(* Let $S,T,Q\ge1$ be integers. Consider a separable ARMA layer with moving-average kernel $W$ (for each pair $(t,s)$ a finitely supported real 2D filter $W_{t,s}$) and, for each output channel $t\in\{1,\dots,T\}$ and each $q\in\{1,\dots,Q\}$, length-3 real filters $f^{q}_{\cdot,t}=(f^{q}_{-1,t},f^{q}_{0,t},f^{q}_{1,t})$ and $g^{q}_{\cdot,t}=(g^{q}_{-1,t},g^{q}_{0,t},g^{q}_{1,t})$, whose input $X=(X_s)_{s=1}^S$ and output $Y=(Y_t)_{t=1}^T$ are related by $$\big(f^{1}_{\cdot,t}*\cdots*f^{Q}_{\cdot,t}\big)\otimes\big(g^{1}_{\cdot,t}*\cdots*g^{Q}_{\cdot,t}\big) * Y_t=\sum_{s=1}^{S}W_{t,s}*X_s\qquad(t=1,\dots,T).$$ If $$\big|f^{q}_{-1,t}+f^{q}_{1,t}\big|<f^{q}_{0,t}\quad\text{and}\quad \big|g^{q}_{-1,t}+g^{q}_{1,t}\big|<g^{q}_{0,t}\qquad\text{for all } q\in\{1,\dots,Q\},\ t\in\{1,\dots,T\},$$ then the layer is (BIBO) stable.
   Context: Signals are real arrays indexed by $\mathbb{Z}^2$ (2D) or $\mathbb{Z}$ (1D); $*$ denotes convolution (1D filters convolved with each other give 1D filters), and for 1D filters $u,v$, $u\otimes v$ is the 2D filter $(u\otimes v)_{p_1,p_2}=u_{p_1}v_{p_2}$. A length-3 filter $f$ has entries $f_{-1},f_0,f_1$ at positions $-1,0,1$. A linear model $y=h*x$ is BIBO stable if for every input $x$ with $\sup_i|x_i|<\infty$ the output satisfies $\sup_i|y_i|<\infty$. The autoregressive relation $A_t*Y_t=Z_t$ (with $A_t$ the separable filter above and $Z_t=\sum_s W_{t,s}*X_s$) is realized as $Y_t=H_t*Z_t$ with $H_t$ a convolution inverse of $A_t$ ($H_t*A_t=\delta$); the layer is called stable if such inverses can be chosen so that the resulting map $X\mapsto Y$ sends bounded inputs to bounded outputs. *)

theory Defs
  imports "HOL-Analysis.Analysis"
begin
lemma net_eval_layer:
  assumes "layer_maps m L v v'"
  shows "net_eval m (L # Ls) w b v = net_eval (fst L) Ls w b v'"
proof -
  obtain N W c where L: "L = (N, W, c)" by (cases L) auto
  show ?thesis
    using assms hidden_eval_cong[of N "\<lambda>i. act (affine_apply m W c v i)" v' Ls]
    by (auto simp: L net_eval_def case_prod_beta intro!: sum.cong)
qed

lemma generated_by_net_affine_output:
  assumes "generated_by_net n N L phi"
  shows "generated_by_net n N L (\<lambda>v. \<alpha> * phi v + \<beta>)"
proof -
  obtain Ls w b where Ls: "length Ls \<le> L" "\<forall>l\<in>set Ls. 1 \<le> fst l \<and> fst l \<le> N"
    and phi: "\<And>v. phi v = net_eval n Ls w b (\<lambda>j. if j < n then v j else 0)"
    using assms unfolding generated_by_net_def by blast
  have "\<alpha> * phi v + \<beta> = net_eval n Ls (\<lambda>j. \<alpha> * w j) (\<alpha> * b + \<beta>) (\<lambda>j. if j < n then v j else 0)"
    for v
    by (simp add: phi net_eval_def case_prod_beta sum_distrib_left distrib_left mult.assoc)
  with Ls show ?thesis unfolding generated_by_net_def by blast
qed

definition list_vec :: "real list \<Rightarrow> nat \<Rightarrow> real" where
  "list_vec xs i = xs ! i"

definition list_mat :: "real list list \<Rightarrow> nat \<Rightarrow> nat \<Rightarrow> real" where
  "list_mat xss i j = xss ! i ! j"

lemmas layer_simps = affine_apply_def list_vec_def list_mat_def numeral_eq_Suc less_Suc_eq
(* Assume $\ell(y,x,\theta)\ge0$ for all $\theta$ and $\nu$-a.e. $(x,y)$, $L(\theta)<\infty$ for all $\theta$, and let $\pi$ be a prior on $\Theta$. Suppose $\lambda^\star>0$ is a local (or global) minimizer of $\lambda\mapsto\mathrm{EB}_0(\pi_J^\lambda,\lambda)$ on $(0,\infty)$, that this function is differentiable at $\lambda^\star$, and that its derivative may be computed by differentiating under the expectations $\mathbb{E}_{D\sim\nu^n}$, $\mathbb{E}_\pi$ and $\mathbb{E}_\nu$ (with all quantities below finite). Then, with $\rho^\star=\rho^\star_{\lambda^\star}$, $$\mathbb{E}_{D\sim\nu^n}\big[\mathcal{B}(\rho^\star(\cdot\mid D),\lambda^\star)\big]=\frac{1}{n}\mathbb{E}_{D\sim\nu^n}\big[\mathrm{KL}(\rho^\star(\cdot\mid D)\,\|\,\pi)\big].$$
   Context: Let $\nu$ be a probability distribution on pairs $(x,y)$, $\Theta$ a parameter space, and for each $\theta\in\Theta$ let $p(y\mid x,\theta)>0$ be a conditional density; loss $\ell(y,x,\theta)=-\ln p(y\mid x,\theta)$, expected loss $L(\theta)=\mathbb{E}_\nu[\ell(y,x,\theta)]$. A sample $D=\{(x_i,y_i)\}_{i=1}^n\sim\nu^n$ is i.i.d.; $p(D\mid\theta)=\prod_{i=1}^n p(y_i\mid x_i,\theta)$. The cumulant generating function is $J_\theta(\lambda)=\ln\mathbb{E}_\nu[e^{\lambda(L(\theta)-\ell(y,x,\theta))}]$ with derivative $J_\theta'$. For a prior $\pi$ and $\lambda>0$: - Jensen prior: $\pi_J^\lambda(\theta)=\pi(\theta)e^{-nJ_\theta(\lambda)}/\mathbb{E}_\pi[e^{-nJ_\theta(\lambda)}]$; - posterior: $\rho^\star_\lambda(\theta\mid D)=p(D\mid\theta)^\lambda\pi_J^\lambda(\theta)/\mathbb{E}_{\pi_J^\lambda}[p(D\mid\theta)^\lambda]$; - $R_\lambda(\pi)=\ln\mathbb{E}_\pi[e^{nJ_\theta(\lambda)}]$; - $\mathrm{EB}_0(\pi,\lambda)=\frac{1}{\lambda n}\mathbb{E}_{D\sim\nu^n}\big[-\ln\mathbb{E}_\pi[p(D\mid\theta)^\lambda]\big]+\frac{1}{\lambda n}R_\lambda(\pi)$; - for a distribution $\rho$ on $\Theta$: $\mathcal{B}(\rho,\lambda)=\mathbb{E}_\rho\big[\lambda J_\theta'(\lambda)-J_\theta(\lambda)\big]$. *)

theory Defs
  imports "HOL-Probability.Probability"
begin

text \<open>Setting: \<nu> is a probability measure on pairs z = (x,y); the parameter space is
  the space of the prior \<pi>; p y x \<theta> is the conditional density p(y|x,\<theta>).\<close>

definition loss :: "('y \<Rightarrow> 'x \<Rightarrow> 'a \<Rightarrow> real) \<Rightarrow> 'x \<times> 'y \<Rightarrow> 'a \<Rightarrow> real" where
  "loss p z \<theta> = - ln (p (snd z) (fst z) \<theta>)"

definition Lexp :: "('x \<times> 'y) measure \<Rightarrow> ('y \<Rightarrow> 'x \<Rightarrow> 'a \<Rightarrow> real) \<Rightarrow> 'a \<Rightarrow> real" where
  "Lexp \<nu> p \<theta> = (\<integral>z. loss p z \<theta> \<partial>\<nu>)"

definition cgf :: "('x \<times> 'y) measure \<Rightarrow> ('y \<Rightarrow> 'x \<Rightarrow> 'a \<Rightarrow> real) \<Rightarrow> 'a \<Rightarrow> real \<Rightarrow> real" where
  "cgf \<nu> p \<theta> l = ln (\<integral>z. exp (l * (Lexp \<nu> p \<theta> - loss p z \<theta>)) \<partial>\<nu>)"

* Task brief
Each line from the one that includes "(\<integral>z. loss p" down to the close of the records above is to be given again exactly, and no other line is to appear.

* Result
  "Lexp \<nu> p \<theta> = (\<integral>z. loss p z \<theta> \<partial>\<nu>)"

definition cgf :: "('x \<times> 'y) measure \<Rightarrow> ('y \<Rightarrow> 'x \<Rightarrow> 'a \<Rightarrow> real) \<Rightarrow> 'a \<Rightarrow> real \<Rightarrow> real" where
  "cgf \<nu> p \<theta> l = ln (\<integral>z. exp (l * (Lexp \<nu> p \<theta> - loss p z \<theta>)) \<partial>\<nu>)"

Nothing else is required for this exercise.